» **WORK INSTRUCTIONS**
Repeat the material exactly, leaving no line out.

» **DATA TO PROCESS**
(* Let $(\Delta,R)$ be a gentle quiver, $\rho=(\alpha,\beta)\in R$ an isolated relation, and $(\Delta',R')$ the quiver with relations obtained from $(\Delta,R)$ by completing $\rho$. Then: (1) $(\Delta',R')$ is a gentle quiver if and only if $\mathbb Z\cdot\rho\neq\{\rho\}$ (here $\mathbb Z\cdot\rho$ is the $\Phi$-orbit of $\rho$ in $\mathcal N$). (2) If $\mathbb Z\cdot\rho\ne\{\rho\}$, then $\mathcal N_{(\Delta',R')}=\mathcal N_{(\Delta,R)}\setminus\{\rho\}$ and \[ \mathcal N_{(\Delta',R')}/\mathbb Z = \{\mathcal O'\in\mathcal N_{(\Delta,R)}/\mathbb Z \mid \mathcal O'\ne\mathbb Z\cdot\rho\}\cup\{(\mathbb Z\cdot\rho)\setminus\{\rho\}\}; \] moreover $\mathcal C_{(\Delta',R')}=\mathcal C_{(\Delta,R)}\cup\{\alpha,\beta,\gamma_\rho\}$ and $\mathcal C_{(\Delta',R')}/\mathbb Z=\mathcal C_{(\Delta,R)}/\mathbb Z\cup\{\{\alpha,\beta,\gamma_\rho\}\}$.
   Context: A quiver $\Delta$ has finite vertex set $\Delta_0$, arrow set $\Delta_1$, maps $s,t$. A path of length $n\ge1$ is $(\alpha_1,\dots,\alpha_n)$ with $s\alpha_i=t\alpha_{i+1}$. A gentle quiver is $(\Delta,R)$ with $\Delta$ connected, $R$ a set of paths of length 2, such that: (1) each vertex is start of at most two arrows and end of at most two arrows; (2) for each arrow $\alpha$ at most one $\beta$ with $s\beta=t\alpha$, $(\beta,\alpha)\notin R$ and at most one $\gamma$ with $t\gamma=s\alpha$, $(\alpha,\gamma)\notin R$; (3) for each $\alpha$ at most one $\beta$ with $(\beta,\alpha)\in R$ and at most one $\gamma$ with $(\alpha,\gamma)\in R$; (4) for some $n$ every path of length $n$ has a subpath in $R$. Fix $\sigma,\tau:\Delta_1\to\{\pm1\}$ with distinct arrows of same start having opposite $\sigma$, distinct arrows of same end opposite $\tau$, and for $s\alpha=t\beta$: $(\alpha,\beta)\in R$ iff $\sigma\alpha=\tau\beta$; $\sigma\omega=\sigma\alpha_n,\tau\omega=\tau\alpha_1$. Permitted paths: no consecutive pair in $R$, plus trivial $1_{x,\varepsilon}$ ($s=t=x$, $\sigma=\varepsilon,\tau=-\varepsilon$); maximal if no arrow $\alpha$ with $s\alpha=t\omega,\sigma\alpha=-\tau\omega$ and no $\beta$ with $t\beta=s\omega,\tau\beta=-\sigma\omega$; set $\mathcal M$. Antipaths: all consecutive pairs in $R$, plus trivial $1'_{x,\varepsilon}$ ($\sigma=\tau=\varepsilon$); maximal if no $\alpha$ with $s\alpha=t\omega,\sigma\alpha=\tau\omega$ and no $\beta$ with $t\beta=s\omega,\tau\beta=\sigma\omega$; set $\mathcal N$. $\phi:\mathcal M\to\mathcal N$, $\omega\mapsto$ unique $\omega'$ with $t\omega'=t\omega,\tau\omega'=-\tau\omega$; $\psi:\mathcal N\to\mathcal M$, $\omega\mapsto$ unique $\omega'$ with $s\omega'=s\omega,\sigma\omega'=-\sigma\omega$; $\Phi=\phi\psi$ acting on $\mathcal N$, orbit set $\mathcal N/\mathbb Z$. $\mathcal C$: arrows $\alpha$ with $(\alpha)$ not a subpath of a maximal antipath; $\Psi:\mathcal C\to\mathcal C$, $\alpha\mapsto$ unique $\beta\in\mathcal C$ with $t\beta=s\alpha,\tau\beta=\sigma\alpha$; orbit set $\mathcal C/\mathbb Z$. Subscripts indicate the gentle quiver these sets are formed in. A relation $(\alpha,\beta)\in R$ is isolated if the path $(\alpha,\beta)$ belongs to $\mathcal N$. For a set $R_0$ of isolated relations, the quiver obtained by completing the relations from $R_0$ is $(\Delta',R')$ with $\Delta'_0=\Delta_0$, $\Delta'_1=\Delta_1\cup\{\gamma_\rho\mid\rho\in R_0\}$ with new arrows $\gamma_\rho$, where for $\rho=(\alpha,\beta)$ the arrow $\gamma_\rho$ goes from $t\alpha$ to $s\beta$, and $R'=R\cup\{(\gamma_\rho,\alpha),(\beta,\gamma_\rho)\mid \rho=(\alpha,\beta)\in R_0\}$. *)

theory Defs
  imports Main
begin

» **RESULT BELOW**
(* Let $(\Delta,R)$ be a gentle quiver, $\rho=(\alpha,\beta)\in R$ an isolated relation, and $(\Delta',R')$ the quiver with relations obtained from $(\Delta,R)$ by completing $\rho$. Then: (1) $(\Delta',R')$ is a gentle quiver if and only if $\mathbb Z\cdot\rho\neq\{\rho\}$ (here $\mathbb Z\cdot\rho$ is the $\Phi$-orbit of $\rho$ in $\mathcal N$). (2) If $\mathbb Z\cdot\rho\ne\{\rho\}$, then $\mathcal N_{(\Delta',R')}=\mathcal N_{(\Delta,R)}\setminus\{\rho\}$ and \[ \mathcal N_{(\Delta',R')}/\mathbb Z = \{\mathcal O'\in\mathcal N_{(\Delta,R)}/\mathbb Z \mid \mathcal O'\ne\mathbb Z\cdot\rho\}\cup\{(\mathbb Z\cdot\rho)\setminus\{\rho\}\}; \] moreover $\mathcal C_{(\Delta',R')}=\mathcal C_{(\Delta,R)}\cup\{\alpha,\beta,\gamma_\rho\}$ and $\mathcal C_{(\Delta',R')}/\mathbb Z=\mathcal C_{(\Delta,R)}/\mathbb Z\cup\{\{\alpha,\beta,\gamma_\rho\}\}$.
   Context: A quiver $\Delta$ has finite vertex set $\Delta_0$, arrow set $\Delta_1$, maps $s,t$. A path of length $n\ge1$ is $(\alpha_1,\dots,\alpha_n)$ with $s\alpha_i=t\alpha_{i+1}$. A gentle quiver is $(\Delta,R)$ with $\Delta$ connected, $R$ a set of paths of length 2, such that: (1) each vertex is start of at most two arrows and end of at most two arrows; (2) for each arrow $\alpha$ at most one $\beta$ with $s\beta=t\alpha$, $(\beta,\alpha)\notin R$ and at most one $\gamma$ with $t\gamma=s\alpha$, $(\alpha,\gamma)\notin R$; (3) for each $\alpha$ at most one $\beta$ with $(\beta,\alpha)\in R$ and at most one $\gamma$ with $(\alpha,\gamma)\in R$; (4) for some $n$ every path of length $n$ has a subpath in $R$. Fix $\sigma,\tau:\Delta_1\to\{\pm1\}$ with distinct arrows of same start having opposite $\sigma$, distinct arrows of same end opposite $\tau$, and for $s\alpha=t\beta$: $(\alpha,\beta)\in R$ iff $\sigma\alpha=\tau\beta$; $\sigma\omega=\sigma\alpha_n,\tau\omega=\tau\alpha_1$. Permitted paths: no consecutive pair in $R$, plus trivial $1_{x,\varepsilon}$ ($s=t=x$, $\sigma=\varepsilon,\tau=-\varepsilon$); maximal if no arrow $\alpha$ with $s\alpha=t\omega,\sigma\alpha=-\tau\omega$ and no $\beta$ with $t\beta=s\omega,\tau\beta=-\sigma\omega$; set $\mathcal M$. Antipaths: all consecutive pairs in $R$, plus trivial $1'_{x,\varepsilon}$ ($\sigma=\tau=\varepsilon$); maximal if no $\alpha$ with $s\alpha=t\omega,\sigma\alpha=\tau\omega$ and no $\beta$ with $t\beta=s\omega,\tau\beta=\sigma\omega$; set $\mathcal N$. $\phi:\mathcal M\to\mathcal N$, $\omega\mapsto$ unique $\omega'$ with $t\omega'=t\omega,\tau\omega'=-\tau\omega$; $\psi:\mathcal N\to\mathcal M$, $\omega\mapsto$ unique $\omega'$ with $s\omega'=s\omega,\sigma\omega'=-\sigma\omega$; $\Phi=\phi\psi$ acting on $\mathcal N$, orbit set $\mathcal N/\mathbb Z$. $\mathcal C$: arrows $\alpha$ with $(\alpha)$ not a subpath of a maximal antipath; $\Psi:\mathcal C\to\mathcal C$, $\alpha\mapsto$ unique $\beta\in\mathcal C$ with $t\beta=s\alpha,\tau\beta=\sigma\alpha$; orbit set $\mathcal C/\mathbb Z$. Subscripts indicate the gentle quiver these sets are formed in. A relation $(\alpha,\beta)\in R$ is isolated if the path $(\alpha,\beta)$ belongs to $\mathcal N$. For a set $R_0$ of isolated relations, the quiver obtained by completing the relations from $R_0$ is $(\Delta',R')$ with $\Delta'_0=\Delta_0$, $\Delta'_1=\Delta_1\cup\{\gamma_\rho\mid\rho\in R_0\}$ with new arrows $\gamma_\rho$, where for $\rho=(\alpha,\beta)$ the arrow $\gamma_\rho$ goes from $t\alpha$ to $s\beta$, and $R'=R\cup\{(\gamma_\rho,\alpha),(\beta,\gamma_\rho)\mid \rho=(\alpha,\beta)\in R_0\}$. *)

theory Defs
  imports Main
begin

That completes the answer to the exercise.